I now turned my attention to the "user oriented" pieces of the stove -- namely the turn-knobs that are used to turn on the gas.  These turn-knobs are a highly visible part of the stove, and due to their "vintage" design, give the stove much of its appeal.  So, I wanted  them to look as nice as possible.  The turn-knobs consist of a what I assume is a bakelite knob attached to a steel rod.  The steel rod was no problem to restore.  I just painted it with the same high temperature aluminum paint I used on the other parts.  The bakelite knobs presented a little different challenge.   I restored the bakelite knobs using a method I later used when restoring Maych's exterior light lenses.  You can refer to that section if you'd like details on the procedure I used.
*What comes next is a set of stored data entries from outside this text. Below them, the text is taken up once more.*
(* Suppose the neighbor graph $\mathbb N$ (no self-arcs, $m\ge2$ vertices) is strongly connected and $\chi(\mathbb N)\le n$, where $\chi(\mathbb N)=\min_{\mathrm D}\max_{\mathbb E\in\mathrm D} l(\mathbb E)$, the minimum being over all ear decompositions $\mathrm D$ of $\mathbb N$ and $l(\mathbb E)$ the number of arcs in ear $\mathbb E$. Then there exist matrices $C_{ji}$ (one per arc, each with $n$ columns) with $\ker C_{ji}\ne 0$ for every arc $(j,i)$ such that $\bar{\mathbb N}$ is well-configured.
   Context: Setup: $m$ agents labeled $1,\dots,m$ with states $x_i\in\mathbb R^n$; neighbor graph $\mathbb N$ is a directed graph on $\{1,\dots,m\}$ without self-arcs; each arc $(j,i)$ carries a real matrix $C_{ji}$ with $n$ columns; $\bar{\mathbb N}$ denotes $\mathbb N$ with these matrices. $\bar{\mathbb N}$ is well-configured if for all $x_1,\dots,x_m\in\mathbb R^n$, $C_{ji}x_i=C_{ji}x_j$ for every arc $(j,i)$ implies $x_1=\cdots=x_m$. A directed path is a subgraph with distinct vertices $v_0,\dots,v_k$ ($k\ge1$) and arcs $(v_{r-1},v_r)$; its end-vertices are $v_0,v_k$. A directed cycle is a subgraph with distinct vertices $v_1,\dots,v_k$ ($k\ge 2$) and arcs $(v_r,v_{r+1})$, $r<k$, and $(v_k,v_1)$. An ear decomposition of a directed graph $\mathbb G$ is a sequence of subgraphs $\mathbb E_0,\dots,\mathbb E_p$ such that $\mathbb E_0$ is a directed cycle, each $\mathbb E_i$ ($i\ge1$) is a directed path or directed cycle, the $\mathbb E_i$ are pairwise arc-disjoint with union $\mathbb G$, and for $i\ge1$: a cycle $\mathbb E_i$ has exactly one vertex in common with $\bigcup_{k<i}\mathbb E_k$, and a path $\mathbb E_i$ has its two end-vertices as the only vertices in common with $\bigcup_{k<i}\mathbb E_k$. A strongly connected graph with at least two vertices has at least one ear decomposition. *)

theory Defs
  imports "Jordan_Normal_Form.Matrix_Kernel"
begin

(* A directed graph on vertex set V is given by its arc set E :: (nat \<times> nat) set,
   an arc (j,i) going from j to i. *)

definition strongly_connected :: "nat set \<Rightarrow> (nat \<times> nat) set \<Rightarrow> bool" where
  "strongly_connected V E \<longleftrightarrow> (\<forall>i\<in>V. \<forall>j\<in>V. (i, j) \<in> E\<^sup>*)"

(* An ear is a directed path or a directed cycle, given by the flag
   (True = cycle, False = path) and its list of distinct vertices. *)
type_synonym ear = "bool \<times> nat list"

definition is_ear :: "ear \<Rightarrow> bool" where
  "is_ear e \<longleftrightarrow> distinct (snd e) \<and> length (snd e) \<ge> 2"

definition is_cycle :: "ear \<Rightarrow> bool" where
  "is_cycle e \<longleftrightarrow> fst e"

definition ear_verts :: "ear \<Rightarrow> nat set" where
  "ear_verts e = set (snd e)"

definition ear_arcs :: "ear \<Rightarrow> (nat \<times> nat) set" where
  "ear_arcs e = (if fst e then set (zip (snd e) (tl (snd e) @ [hd (snd e)]))
                 else set (zip (snd e) (tl (snd e))))"

definition ear_len :: "ear \<Rightarrow> nat" where
  "ear_len e = card (ear_arcs e)"

definition ear_decomposition :: "nat set \<Rightarrow> (nat \<times> nat) set \<Rightarrow> ear list \<Rightarrow> bool" where
  "ear_decomposition V E D \<longleftrightarrow>
     D \<noteq> [] \<and> is_cycle (D ! 0) \<and> (\<forall>e\<in>set D. is_ear e) \<and>
     (\<forall>i<length D. \<forall>k<length D. i \<noteq> k \<longrightarrow> ear_arcs (D ! i) \<inter> ear_arcs (D ! k) = {}) \<and>
     (\<Union>e\<in>set D. ear_verts e) = V \<and> (\<Union>e\<in>set D. ear_arcs e) = E \<and>
     (\<forall>i. 1 \<le> i \<and> i < length D \<longrightarrow>
        (let prev = (\<Union>k<i. ear_verts (D ! k)) in
          (if is_cycle (D ! i) then card (ear_verts (D ! i) \<inter> prev) = 1
           else ear_verts (D ! i) \<inter> prev = {hd (snd (D ! i)), last (snd (D ! i))})))"

definition chi :: "nat set \<Rightarrow> (nat \<times> nat) set \<Rightarrow> nat" where
  "chi V E = Min {Max (ear_len ` set D) | D. ear_decomposition V E D}"

definition well_configured :: "nat \<Rightarrow> nat set \<Rightarrow> (nat \<times> nat) set \<Rightarrow> (nat \<times> nat \<Rightarrow> real mat) \<Rightarrow> bool" where
  "well_configured n V E C \<longleftrightarrow>
     (\<forall>x :: nat \<Rightarrow> real vec. (\<forall>i\<in>V. x i \<in> carrier_vec n) \<longrightarrow>
        (\<forall>(j, i)\<in>E. C (j, i) *\<^sub>v x i = C (j, i) *\<^sub>v x j) \<longrightarrow>
        (\<forall>i\<in>V. \<forall>j\<in>V. x i = x j))"

end

theory Submission
  imports Defs
begin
The restoration of the other "working" parts of the stove, such as hinges, springs,  brackets, fittings, gas flues, etc. was pretty straight forward and I won't bother to detail their restoration here, other than to say I restored all these parts in the usual manner -- cleaning and painting.

I am now finished with the restoration of the working parts of the stove and I'm ready to start putting the stove back together.  I sure hope I can remember where all the pieces go.